*** WORKING DATA Section Begins ***

(* Let $G$ be a group, $n\ge 2$, $X=\{x_1,\dots,x_n\}$, fix a function $X\to G$, and let $(\mathcal X_l)_{l\ge1}$ be a non-backtracking random walk on $(G,X)$. Then the Markov chain $(\mathcal X_l)$ on $\Omega=G\times\{\pm1,\dots,\pm n\}$ is irreducible if and only if $G$ is generated by (the images of) $x_1,\dots,x_n$ but $G$ is not a free group freely generated by $x_1,\dots,x_n$ (i.e. the induced homomorphism $F(X)\to G$ is surjective but not injective).
   Context: Let $G$ be a group, $X=\{x_1,\dots,x_n\}$ a set with $n\ge 2$, and fix a function $X\to G$; we identify each $x_i$ with its image in $G$. Let $\Omega=G\times\{\pm1,\pm2,\dots,\pm n\}$, with elements written $(g,\epsilon i)$, $g\in G$, $\epsilon=\pm1$, $i\in\{1,\dots,n\}$. A non-backtracking random walk on $(G,X)$ is a Markov chain $(\mathcal X_l)_{l\ge1}$ on $\Omega$ with transition probabilities $\mathbb P(\mathcal X_{l+1}=(g,\epsilon i)\mid \mathcal X_l=(h,\epsilon' j))=\alpha_{\epsilon' j,\epsilon i}$ if $g=hx_i^{\epsilon}$ and $\epsilon i\neq -\epsilon' j$, and $=0$ otherwise, where the $\alpha_{\epsilon' j,\epsilon i}$ are positive constants with $\sum_{\epsilon i\neq-\epsilon' j}\alpha_{\epsilon' j,\epsilon i}=1$ for each $\epsilon' j$; and with initial distribution $\mathbb P(\mathcal X_1=(g,\epsilon i))=\beta_{\epsilon i}$ if $g=x_i^{\epsilon}$ and $0$ otherwise, for positive constants $\beta_{\epsilon i}$ summing to $1$. Irreducibility and period refer to the Markov chain on the full state space $\Omega$. *)

theory Defs
  imports Complex_Main "HOL-Algebra.Generated_Groups"
begin

text \<open>Signed indices: the letter x_i^{+1} is encoded by the integer i, x_i^{-1} by -i.\<close>
definition signed_idx :: "nat \<Rightarrow> int set" where
  "signed_idx n = {k. 1 \<le> \<bar>k\<bar> \<and> \<bar>k\<bar> \<le> int n}"

definition letter :: "('a, 'b) monoid_scheme \<Rightarrow> (nat \<Rightarrow> 'a) \<Rightarrow> int \<Rightarrow> 'a" where
  "letter G x k = (if 0 < k then x (nat k) else inv\<^bsub>G\<^esub> (x (nat (- k))))"

definition nbrw_trans ::
  "('a, 'b) monoid_scheme \<Rightarrow> (nat \<Rightarrow> 'a) \<Rightarrow> (int \<Rightarrow> int \<Rightarrow> real) \<Rightarrow> ('a \<times> int) \<Rightarrow> ('a \<times> int) \<Rightarrow> real" where
  "nbrw_trans G x \<alpha> s t =
     (if fst t = fst s \<otimes>\<^bsub>G\<^esub> letter G x (snd t) \<and> snd t \<noteq> - snd s
      then \<alpha> (snd s) (snd t) else 0)"

definition nbrw_space :: "('a, 'b) monoid_scheme \<Rightarrow> nat \<Rightarrow> ('a \<times> int) set" where
  "nbrw_space G n = carrier G \<times> signed_idx n"

text \<open>Irreducibility of a Markov chain with state space S and transition probabilities P:
  every state leads to every state, i.e. for all a, b there is m with P^m(a,b) > 0, which
  (P being nonnegative) means a path of positive-probability transitions from a to b.\<close>
definition markov_irreducible :: "'s set \<Rightarrow> ('s \<Rightarrow> 's \<Rightarrow> real) \<Rightarrow> bool" where
  "markov_irreducible S P \<longleftrightarrow>
     (\<forall>a\<in>S. \<forall>b\<in>S. (a, b) \<in> {(s, t). s \<in> S \<and> t \<in> S \<and> P s t > 0}\<^sup>*)"

text \<open>The free group F(X), X = {x_1..x_n}, realised as the set of reduced words.\<close>
definition reduced_words :: "nat \<Rightarrow> int list set" where
  "reduced_words n = {w. set w \<subseteq> signed_idx n \<and>
                         (\<forall>i. Suc i < length w \<longrightarrow> w ! Suc i \<noteq> - (w ! i))}"

definition word_eval :: "('a, 'b) monoid_scheme \<Rightarrow> (nat \<Rightarrow> 'a) \<Rightarrow> int list \<Rightarrow> 'a" where
  "word_eval G x w = foldr (\<lambda>k acc. letter G x k \<otimes>\<^bsub>G\<^esub> acc) w \<one>\<^bsub>G\<^esub>"

definition freely_generated_by :: "('a, 'b) monoid_scheme \<Rightarrow> nat \<Rightarrow> (nat \<Rightarrow> 'a) \<Rightarrow> bool" where
  "freely_generated_by G n x \<longleftrightarrow>
     carrier G = generate G (x ` {1..n}) \<and> inj_on (word_eval G x) (reduced_words n)"

end

theory Submission
  imports Defs
begin

text \<open>A path of positive-probability transitions starting at (g, j) is the same thing as a
  freely reduced word w whose first letter is not -j; it ends at (g w, last w). Hence an
  irreducible walk reaches every (h, 1) from (1, 1), so the x_i generate G, and it reaches
  (1, -1) from (1, 1), which yields a nonempty reduced word with value 1, so G is not free on the
  x_i. Conversely, a nonempty reduced relator r and a letter t different from c, -hd r and
  last r (available since n \<ge> 2) give the reduced loop [-c, t] @ r @ [-t, c], so at every
  vertex the walk can turn from any direction into any direction c; together with generation
  this connects all states.\<close>

abbreviation freely_reduced :: "int list \<Rightarrow> bool" where
  "freely_reduced \<equiv> successively (\<lambda>a b. b \<noteq> - a)"

lemma reduced_words_iff: "w \<in> reduced_words n \<longleftrightarrow> set w \<subseteq> signed_idx n \<and> freely_reduced w"
  by (simp add: reduced_words_def successively_conv_nth)

lemma freely_reduced_rev_uminus: "freely_reduced w \<Longrightarrow> freely_reduced (rev (map uminus w))"
  by (simp add: successively_map) (erule successively_mono, auto)

lemma uminus_in_signed_idx: "k \<in> signed_idx n \<Longrightarrow> - k \<in> signed_idx n"
  by (simp add: signed_idx_def)

lemma nat_abs_in_signed_range: "k \<in> signed_idx n \<Longrightarrow> nat \<bar>k\<bar> \<in> {1..n}"
  by (auto simp: signed_idx_def)

lemma signed_idx_avoid_three:
  assumes "n \<ge> 2"
  obtains t where "t \<in> signed_idx n" and "t \<notin> {a, b, c}"
proof -
  have "card {a, b, c} \<le> 3"
    by (simp add: card_insert_if)
  then have "card {a, b, c} < card {1, -1, 2, -2::int}"
    by simp
  then have "\<not> {1, -1, 2, -2} \<subseteq> {a, b, c}"
    by (meson card_mono finite.emptyI finite.insertI not_le)
  moreover have "{1, -1, 2, -2} \<subseteq> signed_idx n"
    using assms by (auto simp: signed_idx_def)
  ultimately show ?thesis using that by blast
qed

locale word_map = group G for G (structure) +
  fixes n :: nat and x :: "nat \<Rightarrow> 'a"
  assumes gens_closed: "\<And>i. i \<in> {1..n} \<Longrightarrow> x i \<in> carrier G"
begin

lemma gens_nat_abs_closed: "k \<in> signed_idx n \<Longrightarrow> x (nat \<bar>k\<bar>) \<in> carrier G"
  by (intro gens_closed nat_abs_in_signed_range)

lemma letter_closed: "k \<in> signed_idx n \<Longrightarrow> letter G x k \<in> carrier G"
  using gens_nat_abs_closed[of k] by (cases "0 < k") (auto simp: letter_def)

lemma letter_in_generate: "k \<in> signed_idx n \<Longrightarrow> letter G x k \<in> generate G (x ` {1..n})"
  using nat_abs_in_signed_range[of k n]
  by (cases "0 < k") (auto simp: letter_def intro: generate.incl generate.inv)

lemma letter_uminus: "k \<in> signed_idx n \<Longrightarrow> letter G x (- k) = inv letter G x k"
  using gens_nat_abs_closed[of k] by (cases "0 < k") (auto simp: letter_def signed_idx_def)

lemma word_eval_Nil [simp]: "word_eval G x [] = \<one>"
  by (simp add: word_eval_def)

lemma word_eval_Cons [simp]: "word_eval G x (a # w) = letter G x a \<otimes> word_eval G x w"
  by (simp add: word_eval_def)

lemma word_eval_closed: "set w \<subseteq> signed_idx n \<Longrightarrow> word_eval G x w \<in> carrier G"
  by (induction w) (auto intro: letter_closed)

lemma word_eval_in_generate:
  "set w \<subseteq> signed_idx n \<Longrightarrow> word_eval G x w \<in> generate G (x ` {1..n})"
proof (induction w)
  case (Cons a w)
  then show ?case using letter_in_generate[of a] by (auto intro: generate.eng)
qed (simp add: generate.one)

lemma word_eval_append:
  assumes "set u \<subseteq> signed_idx n" and "set v \<subseteq> signed_idx n"
  shows "word_eval G x (u @ v) = word_eval G x u \<otimes> word_eval G x v"
  using assms(1)
  by (induction u) (auto simp: m_assoc letter_closed word_eval_closed[OF assms(2)]
      word_eval_closed)

lemma word_eval_snoc:
  "set w \<subseteq> signed_idx n \<Longrightarrow> k \<in> signed_idx n \<Longrightarrow>
    word_eval G x (w @ [k]) = word_eval G x w \<otimes> letter G x k"
  by (simp add: word_eval_append letter_closed)

lemma word_eval_rev_uminus:
  "set w \<subseteq> signed_idx n \<Longrightarrow> word_eval G x (rev (map uminus w)) = inv word_eval G x w"
proof (induction w)
  case (Cons a w)
  then have "set (rev (map uminus w)) \<subseteq> signed_idx n" and "- a \<in> signed_idx n"
    by (auto intro: uminus_in_signed_idx)
  with Cons show ?case
    by (simp add: word_eval_snoc letter_uminus inv_mult_group letter_closed word_eval_closed)
qed simp

text \<open>Strip the longest common suffix of two distinct reduced words with the same value;
  what remains of one, followed by the inverse of what remains of the other, is a nonempty
  reduced relator.\<close>
lemma reduced_relator_of_collision:
  assumes "u \<in> reduced_words n" and "v \<in> reduced_words n" and "u \<noteq> v"
    and "word_eval G x u = word_eval G x v"
  shows "\<exists>r \<in> reduced_words n. r \<noteq> [] \<and> word_eval G x r = \<one>"
  using assms
proof (induction u arbitrary: v rule: rev_induct)
  case Nil
  show ?case
  proof (rule bexI[of _ v])
    show "v \<noteq> [] \<and> word_eval G x v = \<one>"
      using Nil.prems(3,4) by simp
  qed (rule Nil.prems(2))
next
  case (snoc a u)
  show ?case
  proof (cases v rule: rev_exhaust)
    case Nil
    show ?thesis
    proof (rule bexI[of _ "u @ [a]"])
      show "u @ [a] \<noteq> [] \<and> word_eval G x (u @ [a]) = \<one>"
        using snoc.prems(4) Nil by simp
    qed (rule snoc.prems(1))
  next
    case (snoc v' b)
    note v = this
    have u: "set u \<subseteq> signed_idx n" "a \<in> signed_idx n" "freely_reduced u"
      using snoc.prems(1) by (auto simp: reduced_words_iff successively_append_iff)
    have v': "set v' \<subseteq> signed_idx n" "b \<in> signed_idx n" "freely_reduced v'"
      using snoc.prems(2) v by (auto simp: reduced_words_iff successively_append_iff)
    show ?thesis
    proof (cases "a = b")
      case True
      have "word_eval G x u \<otimes> letter G x a = word_eval G x v' \<otimes> letter G x a"
        using snoc.prems(4) v u v' True by (simp add: word_eval_snoc)
      then have "word_eval G x u = word_eval G x v'"
        using u v' by (simp add: letter_closed word_eval_closed)
      moreover have "u \<noteq> v'" using snoc.prems(3) v True by simp
      ultimately show ?thesis
        using snoc.IH u v' by (simp add: reduced_words_iff)
    next
      case False
      have v_minus: "set (rev (map uminus v)) \<subseteq> signed_idx n"
        "freely_reduced (rev (map uminus v))" "hd (rev (map uminus v)) = - b"
        using snoc.prems(2) freely_reduced_rev_uminus[of v] v
        by (auto simp: reduced_words_iff intro: uminus_in_signed_idx)
      show ?thesis
      proof (rule bexI[of _ "(u @ [a]) @ rev (map uminus v)"])
        have "word_eval G x ((u @ [a]) @ rev (map uminus v)) =
            word_eval G x v \<otimes> inv word_eval G x v"
          using snoc.prems(1,2,4) v_minus(1)
          by (simp only: reduced_words_iff word_eval_append word_eval_rev_uminus)
        also have "\<dots> = \<one>"
          using snoc.prems(2) by (simp add: reduced_words_iff word_eval_closed)
        finally show "(u @ [a]) @ rev (map uminus v) \<noteq> [] \<and>
            word_eval G x ((u @ [a]) @ rev (map uminus v)) = \<one>"
          by simp
        show "(u @ [a]) @ rev (map uminus v) \<in> reduced_words n"
          using snoc.prems(1) v_minus False
          by (simp add: reduced_words_iff successively_append_iff del: append_assoc)
      qed
    qed
  qed
qed

end
lemma unitri_upper_invertible:
  assumes A: "unitri_upper n A"
  obtains Ai where "Ai \<in> carrier_mat n n" "A * Ai = 1\<^sub>m n" "Ai * A = 1\<^sub>m n"
proof -
  have cA: "A \<in> carrier_mat n n" using A by (simp add: unitri_upper_def)
  have "upper_triangular A" using A cA unfolding upper_triangular_def unitri_upper_def by auto
  then have "det A = (\<Prod>i = 0..<n. A $$ (i,i))"
    using cA by (simp add: det_upper_triangular prod_list_diag_prod)
  also have "\<dots> = 1" using A by (simp add: unitri_upper_def)
  finally have "A \<in> Units (ring_mat TYPE('a) n undefined)"
    using det_non_zero_imp_unit[OF cA] by simp
  then show ?thesis using that unfolding Units_def by (auto simp: ring_mat_simps)
qed

definition unitri_superdiag :: "nat \<Rightarrow> 'a::field \<Rightarrow> 'a mat \<Rightarrow> bool" where
  "unitri_superdiag n d M \<longleftrightarrow> unitri_upper n M \<and> (\<forall>i. Suc i < n \<longrightarrow> M $$ (i, Suc i) = d)"

lemma unitri_superdiag_mult:
  assumes M: "unitri_superdiag n d M" and N: "unitri_superdiag n e N"
  shows "unitri_superdiag n (d + e) (M * N)"
proof -
  have cM: "M \<in> carrier_mat n n" and cN: "N \<in> carrier_mat n n"
    using M N by (auto simp: unitri_superdiag_def unitri_upper_def)
  note MN = M[unfolded unitri_superdiag_def unitri_upper_def] N[unfolded unitri_superdiag_def unitri_upper_def]
  have entry: "(M * N) $$ (i,j) = (\<Sum>r<n. M $$ (i,r) * N $$ (r,j))" if "i < n" "j < n" for i j
    using cM cN that by (rule index_mult_mat_sum)
  have below: "(M * N) $$ (i,j) = 0" if "i < n" "j < i" for i j
  proof -
    have "M $$ (i,r) * N $$ (r,j) = 0" if "r < n" for r
      using MN \<open>i < n\<close> \<open>j < i\<close> that by (cases "r < i") auto
    then show ?thesis using entry that by (simp add: sum.neutral)
  qed
  have diag: "(M * N) $$ (i,i) = 1" if "i < n" for i
  proof -
    have "(\<Sum>r<n. M $$ (i,r) * N $$ (r,i)) = M $$ (i,i) * N $$ (i,i)"
      using MN that by (intro sum_lessThan_eq_single) (auto simp: neq_iff)
    then show ?thesis using entry that MN by simp
  qed
  have superdiag: "(M * N) $$ (i, Suc i) = d + e" if "Suc i < n" for i
  proof -
    have "(\<Sum>r<n. M $$ (i,r) * N $$ (r, Suc i))
        = M $$ (i,i) * N $$ (i, Suc i) + M $$ (i, Suc i) * N $$ (Suc i, Suc i)"
      using MN that by (intro sum_lessThan_eq_pair) (auto simp: neq_iff Suc_lessI)
    then show ?thesis using entry that MN by simp
  qed
  show ?thesis unfolding unitri_superdiag_def unitri_upper_def
    using cM cN below diag superdiag by auto
qed

lemma unitri_superdiag_pow:
  assumes "unitri_superdiag n d M"
  shows "unitri_superdiag n (of_nat m * d) (M ^\<^sub>m m)"
proof (induction m)
  case 0
  have "dim_row M = n" using assms by (auto simp: unitri_superdiag_def unitri_upper_def)
  then show ?case by (simp add: unitri_superdiag_def unitri_upper_def)
next
  case (Suc m)
  show ?case using unitri_superdiag_mult[OF Suc assms] by (simp add: algebra_simps)
qed

definition strict_upper_unit_superdiag :: "nat \<Rightarrow> 'a::field mat \<Rightarrow> bool" where
  "strict_upper_unit_superdiag n Y \<longleftrightarrow> Y \<in> carrier_mat n n \<and> (\<forall>i<n. \<forall>j\<le>i. Y $$ (i,j) = 0)
     \<and> (\<forall>i. Suc i < n \<longrightarrow> Y $$ (i, Suc i) = 1)"
lemma mexp_conj_has_vector_derivative:
  "((\<lambda>t. mexp (t *\<^sub>R K) ** \<rho> ** mexp (- (t *\<^sub>R K))) has_vector_derivative
      commutator K (mexp (t *\<^sub>R K) ** \<rho> ** mexp (- (t *\<^sub>R K)))) (at t)"
proof -
  have right: "((\<lambda>t. mexp (- (t *\<^sub>R K))) has_vector_derivative mexp (- (t *\<^sub>R K)) ** - K) (at t)"
    using mexp_scaleR_has_vector_derivative_right[of "- K"] by simp
  have left: "((\<lambda>t. mexp (t *\<^sub>R K) ** \<rho>) has_vector_derivative (K ** mexp (t *\<^sub>R K)) ** \<rho>) (at t)"
    by (rule bounded_linear.has_vector_derivative[OF
          bounded_bilinear.bounded_linear_left[OF bounded_bilinear_matrix_matrix_mult]
          mexp_scaleR_has_vector_derivative_left])
  show ?thesis
    using bounded_bilinear.has_vector_derivative[OF bounded_bilinear_matrix_matrix_mult left right]
    by (simp add: commutator_def matrix_mul_assoc matrix_mul_uminus_right)
qed

lemma invertible_mexp_conj: "invertible \<rho> \<Longrightarrow> invertible (mexp K ** \<rho> ** mexp (- K))"
  by (simp add: invertible_mult invertible_mexp)

lemma hermitian_mexp_conj:
  assumes "cadj K = - K" and "hermitian \<rho>"
  shows "hermitian (mexp K ** \<rho> ** mexp (- K))"
  using assms by (simp add: hermitian_def cadj_mult cadj_mexp cadj_uminus matrix_mul_assoc)

lemma trace_square_similar:
  assumes "V ** U = mat 1"
  shows "trace ((U ** A ** V) ** (U ** A ** V)) = trace (A ** (A::'a::comm_semiring_1^'n^'n))"
proof -
  have "trace ((U ** A ** V) ** (U ** A ** V)) = trace (U ** (A ** A ** V))"
    by (simp add: matrix_mul_assoc assms flip: matrix_mul_assoc[of _ V U])
  also have "\<dots> = trace (A ** A)"
    using assms by (simp add: trace_mul_sym[of U] flip: matrix_mul_assoc)
  finally show ?thesis .
qed

lemma trace_square_mexp_conj:
  "trace ((mexp K ** \<rho> ** mexp (- K)) ** (mexp K ** \<rho> ** mexp (- K))) = trace (\<rho> ** \<rho>)"
  using mexp_mult_mexp_uminus[of "- K"] by (intro trace_square_similar) simp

*** WORKING DATA Section Ends ***

*WHAT TO WORK ON*.
Output exactly the lines from the one holding "((mexp K **" to the end of the material above, with both ends included.

*ANSWER FOR THIS EXERCISE*.
  "trace ((mexp K ** \<rho> ** mexp (- K)) ** (mexp K ** \<rho> ** mexp (- K))) = trace (\<rho> ** \<rho>)"
  using mexp_mult_mexp_uminus[of "- K"] by (intro trace_square_similar) simp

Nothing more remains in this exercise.